У нас очень богатый опыт, и мы хорошие инженеры, только почему-то мы предпочитали пользоваться иностранным продуктом. Наверное потому, что это проще.
Какая сейчас ситуация с кадрами в сфере кибербезопасности?
Говорят, что народ стал уезжать, потому что гаснет блеск в глазах. Я бы сказал, что стало чуть тише в плане зарплат, то есть отрасль стала потихоньку остывать. Но мы абсолютно не почувствовали никакого кадрового голода, у нас никто не ушел.
Мы – кузница кадров. Сотрудника компании «Код безопасности» берут практически без собеседования куда-либо. Мы сумели построить конвейер знаний между «гуру» и «падаваном».

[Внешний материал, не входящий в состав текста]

definition closed_polygonal_curve :: "nat \<Rightarrow> (nat \<Rightarrow> 'a::euclidean_space) \<Rightarrow> bool" where
  "closed_polygonal_curve m q \<longleftrightarrow> 2 \<le> m \<and>
     (\<forall>j<m. q j \<noteq> q ((j + 1) mod m) \<and>
            q j \<notin> closed_segment (q ((j + m - 1) mod m)) (q ((j + 1) mod m)))"

definition minkowski_billiard_traj ::
  "'a::euclidean_space set \<Rightarrow> 'a set \<Rightarrow> nat \<Rightarrow> (nat \<Rightarrow> 'a) \<Rightarrow> (nat \<Rightarrow> 'a set) \<Rightarrow> (nat \<Rightarrow> 'a) \<Rightarrow> bool"
  where
  "minkowski_billiard_traj K T m q H n \<longleftrightarrow>
     closed_polygonal_curve m q \<and>
     (\<forall>j<m. q j \<in> frontier K \<and> supporting_hyperplane K (q j) (H j) \<and>
            norm (n j) = 1 \<and> n j \<in> normal_cone K (q j) \<and>
            H j = {x. inner (n j) (x - q j) = 0}) \<and>
     (\<exists>p mu. (\<forall>j<m. p j \<in> frontier T \<and> mu j \<ge> (0::real)) \<and>
        (\<forall>j<m. q ((j + 1) mod m) - q j \<in> normal_cone T (p j) \<and>
               p ((j + 1) mod m) - p j = - (mu ((j + 1) mod m) *\<^sub>R n ((j + 1) mod m))))"

end

theory Submission
  imports Defs
begin

text \<open>
  Summing the impulse relations \<open>p (j+1) - p j = - \<mu> (j+1) n (j+1)\<close> around the closed
  orbit gives \<open>\<Sum>k. \<mu> k n k = 0\<close> with all \<open>\<mu> k \<ge> 0\<close>. Not all \<open>\<mu> k\<close> vanish:
  otherwise all \<open>p j\<close> coincide, and the nonzero edges of the closed polygon, which sum to
  zero, would lie in a single normal cone of \<open>T\<close>; but normal cones of a body with
  nonempty interior are pointed. Normalising the relation puts \<open>0\<close> into the convex hull.

  If \<open>T\<close> is smooth, no \<open>\<mu> k\<close> vanishes: otherwise the two edges at \<open>q k\<close> are nonzero
  normals of \<open>T\<close> at one boundary point, hence positively parallel, which puts \<open>q k\<close> on
  the segment between its neighbours. A relation with all coefficients positive makes
  each \<open>- n k\<close> a nonnegative combination of the others, so the cone is a linear subspace,
  and the relation also bounds its dimension by \<open>m - 1\<close>.
\<close>

lemma sum_lessThan_telescope_mod:
  fixes f :: "nat \<Rightarrow> 'a::ab_group_add"
  assumes "0 < m"
  shows "(\<Sum>j<m. f ((j + 1) mod m) - f j) = 0"
proof -
  have "(\<Sum>j<m. f ((j + 1) mod m) - f j) = (\<Sum>j<m. f (Suc j mod m) - f (j mod m))"
    by (intro sum.cong) auto
  also have "\<dots> = 0"
    using sum_lessThan_telescope[of "\<lambda>j. f (j mod m)" m] by simp
  finally show ?thesis .
qed

lemma sum_eq_0_if_cyclic_increments:
  fixes p w :: "nat \<Rightarrow> 'a::ab_group_add"
  assumes "0 < m" and "\<And>j. j < m \<Longrightarrow> p ((j + 1) mod m) - p j = - w ((j + 1) mod m)"
  shows "(\<Sum>k<m. w k) = 0"
proof -
  have "(\<Sum>j<m. p ((j + 1) mod m) - p j) = - (\<Sum>j<m. w ((j + 1) mod m))"
    using assms(2) by (simp add: sum_negf)
  then show ?thesis
    using sum_lessThan_telescope_mod[OF assms(1), of p] sum_lessThan_telescope_mod[OF assms(1), of w]
    by (simp add: sum_subtractf)
qed

lemma cyclic_constant_if_increments_0:
  fixes m j :: nat
  assumes "\<And>j. j < m \<Longrightarrow> p ((j + 1) mod m) = p j"
  shows "j < m \<Longrightarrow> p j = p 0"
proof (induction j)
  case (Suc j)
  then have "p (Suc j) = p j"
    using assms[of j] by simp
  with Suc show ?case
    by simp
qed simp

lemma mod_Suc_predecessor:
  fixes k m :: nat
  assumes "k < m"
  shows "((k + m - 1) mod m + 1) mod m = k"
  using assms by (simp add: mod_Suc_eq)

lemma scaleR_add_eq_0_imp_eq:
  fixes x y :: "'a::real_vector"
  assumes "c \<noteq> 0" and "c *\<^sub>R x + y = 0"
  shows "x = - (1 / c) *\<^sub>R y"
proof -
  have "c *\<^sub>R x = - y"
    using assms(2) by (simp add: add_eq_0_iff2)
  then have "(1 / c) *\<^sub>R (c *\<^sub>R x) = (1 / c) *\<^sub>R (- y)"
    by simp
  then show ?thesis
    using assms(1) by simp
qed

lemma in_closed_segment_if_codirected_steps:
  fixes a b d :: "'a::real_vector"
  assumes "0 < c" and "b - a = c *\<^sub>R (d - b)"
  shows "b \<in> closed_segment a d"
proof -
  have weights: "1 - c / (1 + c) = 1 / (1 + c)"
    using assms(1) by (simp add: field_simps)
  have "(1 + c) *\<^sub>R b = a + c *\<^sub>R d"
    using assms(2) by (simp add: algebra_simps)
  then have "(1 / (1 + c)) *\<^sub>R ((1 + c) *\<^sub>R b) = (1 / (1 + c)) *\<^sub>R (a + c *\<^sub>R d)"
    by simp
  then have "b = (1 / (1 + c)) *\<^sub>R (a + c *\<^sub>R d)"
    using assms(1) by simp
  also have "\<dots> = (1 - c / (1 + c)) *\<^sub>R a + (c / (1 + c)) *\<^sub>R d"
    unfolding weights by (simp add: scaleR_add_right)
  finally show ?thesis
    unfolding closed_segment_def using assms(1) by (intro CollectI exI[of _ "c / (1 + c)"]) auto
qed

lemma zero_in_convex_hull_if_nonneg_relation:
  fixes v :: "'i \<Rightarrow> 'a::real_vector"
  assumes "finite A" and "\<And>i. i \<in> A \<Longrightarrow> 0 \<le> mu i" and "0 < sum mu A"
    and "(\<Sum>i\<in>A. mu i *\<^sub>R v i) = 0"
  shows "0 \<in> convex hull (v ` A)"
proof -
  have "(\<Sum>i\<in>A. (mu i / sum mu A) *\<^sub>R v i) \<in> convex hull (v ` A)"
    using assms(1-3)
    by (intro convex_sum) (auto simp: sum_divide_distrib[symmetric] hull_inc)
  moreover have "(\<Sum>i\<in>A. (mu i / sum mu A) *\<^sub>R v i) = (1 / sum mu A) *\<^sub>R (\<Sum>i\<in>A. mu i *\<^sub>R v i)"
    by (simp add: scaleR_sum_right)
  ultimately show ?thesis
    using assms(4) by simp
qed

lemma convex_cone_hull_nonneg_combination:
  assumes "finite A" and "\<And>i. i \<in> A \<Longrightarrow> 0 \<le> c i"
  shows "(\<Sum>i\<in>A. c i *\<^sub>R v i) \<in> convex_cone hull (v ` A)"
  using assms
proof (induction A rule: finite_induct)
  case (insert a A)
  have "c a *\<^sub>R v a \<in> convex_cone hull (v ` insert a A)"
    using insert.prems by (intro convex_cone_hull_mul hull_inc) auto
  moreover have "(\<Sum>i\<in>A. c i *\<^sub>R v i) \<in> convex_cone hull (v ` insert a A)"
    using insert.IH insert.prems hull_mono[of "v ` A" "v ` insert a A"] by blast
  ultimately show ?case
    using insert.hyps by (simp add: convex_cone_hull_add)
qed (simp add: convex_cone_hull_contains_0)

Я подглядел у Google хорошую идею виртуального класса, и мы сделали похожие. У нас прекрасные классы: там есть интерактивные доски, где можно порисовать, другая связь, другие камеры, то есть практически эффект присутствия.
Я вижу количество людей, которые участвуют в чатах, где обсуждаются наши продукты. Только в чатах по сетям больше 2,5 тыс. человек. В том числе и конкуренты, системные и сетевые администраторы. Поэтому я считаю, у нас есть шансы.
Вы согласны, что для IT-специалистов зарплата играет всё меньшую роль: они ищут интересные проекты?
Наверное, зарплата не на первом месте, но и не на последнем. Как мы здесь выкрутились? Я говорю так: ты должен почувствовать «на кармане», что сделал хорошую технологию.
Например, человек заявляет: «Я супергений». Окей, если ты супергений, значит, в состоянии создать супертехнологии. Эти супертехнологии можно запатентовать, лицензировать. Далее продукт начинает продаваться, и ты получаешь лицензионное отчисление, как автор патента. И это не зарплата, а совершенно другие деньги. Пожалуйста, ты можешь стать и умным, и богатым. Но для этого должен доказать другим, что достоин.
Есть ли у Вас как у работодателя вопросы к вузам, которые готовят специалистов-кибербезопасников?
Мне, как бизнесмену, нужны ребята с системным мышлением, чтобы они умели аналитически решать проблему и учиться. Чтобы они были обучаемы.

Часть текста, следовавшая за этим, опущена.